------ DATA TO EXAMINE
definition attractor :: "nat \<Rightarrow> nat \<Rightarrow> bool \<Rightarrow> bool list \<Rightarrow> bool list" where
  "attractor e s mx p =
     (SOME bv. bv \<in> fp_candidates e s p \<and>
        (\<forall>bv' \<in> fp_candidates e s p. \<not> fp_better mx (fp_value e s bv') (fp_value e s bv)))"

definition sat_prefix_bit ::
  "nat \<Rightarrow> nat \<Rightarrow> ('m \<Rightarrow> bool) \<Rightarrow> ('m \<Rightarrow> bool list) \<Rightarrow> bool list \<Rightarrow> bool \<Rightarrow> bool" where
  "sat_prefix_bit e s phi cost p b \<longleftrightarrow>
     (\<exists>M. phi M \<and> \<not> fp_is_nan e s (cost M) \<and> take (length p) (cost M) = p
          \<and> cost M ! length p = b)"

fun tau :: "nat \<Rightarrow> nat \<Rightarrow> bool \<Rightarrow> ('m \<Rightarrow> bool) \<Rightarrow> ('m \<Rightarrow> bool list) \<Rightarrow> nat \<Rightarrow> bool list" where
  "tau e s mx phi cost 0 = []"
| "tau e s mx phi cost (Suc k) =
     (let t = tau e s mx phi cost k; d = attractor e s mx t in
      t @ [if \<not> sat_prefix_bit e s phi cost t (d ! k) then \<not> (d ! k) else d ! k])"

text \<open>mu lexicographically maximizes the attractor trajectory T w.r.t. phi_noNaN.\<close>
definition lex_max_T ::
  "nat \<Rightarrow> nat \<Rightarrow> bool \<Rightarrow> ('m \<Rightarrow> bool) \<Rightarrow> ('m \<Rightarrow> bool list) \<Rightarrow> bool list \<Rightarrow> bool" where
  "lex_max_T e s mx phi cost mu \<longleftrightarrow> length mu = e + s \<and>
     (\<forall>k < e + s.
        (let d = attractor e s mx (tau e s mx phi cost k) in
         mu ! k = (if \<not> sat_prefix_bit e s phi cost (take k mu) (d ! k) then \<not> (d ! k) else d ! k)))"

end

theory Submission imports Defs begin

(* For a fixed sign, fp_value is strictly monotone (positive sign) or antitone (negative sign)
   in the bit vector read as a binary number, so the non-NaN vectors extending a prefix of
   positive length form an interval of values.  Hence, if d is an optimal vector extending tau_k,
   every vector extending tau_k that takes the bit d[k] is at least as good as every one that takes
   the opposite bit: a better y with the opposite bit would lie between d and a vector sharing
   k + 1 bits with d, and therefore share them as well.  For k = 0 the optimum is -\<infinity>
   (resp. +\<infinity>), so already its sign bit separates.  By induction on k, for every model M'
   some model consistent with tau_k is at least as good as M'; at k = n this model is M, because
   the lexicographic condition forces cost M = tau_n. *)

lemma bits_to_nat_Nil [simp]: "bits_to_nat [] = 0"
  by (simp add: bits_to_nat_def)

lemma bits_to_nat_snoc [simp]:
  "bits_to_nat (xs @ [b]) = 2 * bits_to_nat xs + (if b then 1 else 0)"
  by (simp add: bits_to_nat_def)

lemma bits_to_nat_append:
  "bits_to_nat (xs @ ys) = bits_to_nat xs * 2 ^ length ys + bits_to_nat ys"
  by (induction ys rule: rev_induct) (simp_all flip: append_assoc add: algebra_simps)

lemma bits_to_nat_less: "bits_to_nat xs < 2 ^ length xs"
  by (induction xs rule: rev_induct) auto

lemma bits_to_nat_inject:
  assumes "length xs = length ys" "bits_to_nat xs = bits_to_nat ys"
  shows "xs = ys"
  using assms
proof (induction xs arbitrary: ys rule: rev_induct)
  case Nil
  then show ?case by simp
next
  case (snoc x xs)
  then obtain ys' y where ys: "ys = ys' @ [y]"
    by (metis length_0_conv rev_exhaust snoc_eq_iff_butlast)
  have "2 * bits_to_nat xs + (if x then 1 else 0) = 2 * bits_to_nat ys' + (if y then 1 else 0)"
    using snoc.prems ys by simp
  then have "x = y" and "bits_to_nat xs = bits_to_nat ys'"
    by (cases x; cases y; presburger)+
  then show ?case
    using snoc ys by simp
qed

lemma bits_to_nat_replicate_True: "bits_to_nat (replicate k True) = 2 ^ k - 1"
proof (induction k)
  case (Suc k)
  have "bits_to_nat (replicate (Suc k) True) = 2 * (2 ^ k - 1) + 1"
    using Suc by (simp flip: replicate_append_same)
  also have "\<dots> = 2 ^ Suc k - 1"
    using one_le_power[of "2::nat" k] by (simp only: power_Suc) linarith
  finally show ?case .
qed simp

lemma bits_to_nat_replicate_False: "bits_to_nat (replicate k False) = 0"
  by (induction k) (simp_all flip: replicate_append_same)

lemma bits_to_nat_take:
  assumes "j \<le> length xs"
  shows "bits_to_nat (take j xs) = bits_to_nat xs div 2 ^ (length xs - j)"
proof -
  have "bits_to_nat xs = bits_to_nat (take j xs) * 2 ^ (length xs - j) + bits_to_nat (drop j xs)"
    by (metis append_take_drop_id bits_to_nat_append length_drop)
  moreover have "bits_to_nat (drop j xs) < 2 ^ (length xs - j)"
    using bits_to_nat_less[of "drop j xs"] by simp
  ultimately show ?thesis by simp
qed

lemma take_eq_if_bits_to_nat_between:
  assumes "length a = length y" "length c = length y" "j \<le> length y"
    and "take j a = take j c"
    and "bits_to_nat a \<le> bits_to_nat y" "bits_to_nat y \<le> bits_to_nat c"
  shows "take j y = take j a"
proof -
  have "bits_to_nat (take j a) \<le> bits_to_nat (take j y)"
    and "bits_to_nat (take j y) \<le> bits_to_nat (take j c)"
    using assms(1-3,5,6) by (simp_all add: bits_to_nat_take div_le_mono)
  then have "bits_to_nat (take j y) = bits_to_nat (take j a)"
    using assms(4) by simp
  then show ?thesis
    using assms(1-3) by (intro bits_to_nat_inject) auto
qed

lemma bits_to_nat_fp_fields:
  assumes "length bv = e + s" "s \<ge> 1"
  shows "bits_to_nat bv = (if bv ! 0 then 2 ^ (e + s - 1) else 0)
            + fp_exp_field e bv * 2 ^ (s - 1) + fp_frac_field e bv"
    and "fp_frac_field e bv < 2 ^ (s - 1)"
proof -
  obtain x xs where bv: "bv = x # xs"
    using assms by (cases bv) auto
  have len: "length xs = e + s - 1" "length (drop e xs) = s - 1"
    using assms bv by simp_all
  have "bits_to_nat bv = bits_to_nat ([x] @ take e xs @ drop e xs)"
    by (simp add: bv)
  also have "\<dots> = (if x then 2 ^ (e + s - 1) else 0)
                   + bits_to_nat (take e xs) * 2 ^ (s - 1) + bits_to_nat (drop e xs)"
    unfolding bits_to_nat_append using bits_to_nat_snoc[of "[]" x] len by simp
  finally show "bits_to_nat bv = (if bv ! 0 then 2 ^ (e + s - 1) else 0)
                  + fp_exp_field e bv * 2 ^ (s - 1) + fp_frac_field e bv"
    by (simp add: bv fp_exp_field_def fp_frac_field_def)
  show "fp_frac_field e bv < 2 ^ (s - 1)"
    using bits_to_nat_less[of "drop e xs"] len by (simp add: bv fp_frac_field_def)
qed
------------
# TASK INSTRUCTIONS
Take the lines from the start of the records through the line holding "cost M ! length", both included, and please print them exactly, with nothing else.

# EXERCISE RESULT
definition attractor :: "nat \<Rightarrow> nat \<Rightarrow> bool \<Rightarrow> bool list \<Rightarrow> bool list" where
  "attractor e s mx p =
     (SOME bv. bv \<in> fp_candidates e s p \<and>
        (\<forall>bv' \<in> fp_candidates e s p. \<not> fp_better mx (fp_value e s bv') (fp_value e s bv)))"

definition sat_prefix_bit ::
  "nat \<Rightarrow> nat \<Rightarrow> ('m \<Rightarrow> bool) \<Rightarrow> ('m \<Rightarrow> bool list) \<Rightarrow> bool list \<Rightarrow> bool \<Rightarrow> bool" where
  "sat_prefix_bit e s phi cost p b \<longleftrightarrow>
     (\<exists>M. phi M \<and> \<not> fp_is_nan e s (cost M) \<and> take (length p) (cost M) = p
          \<and> cost M ! length p = b)"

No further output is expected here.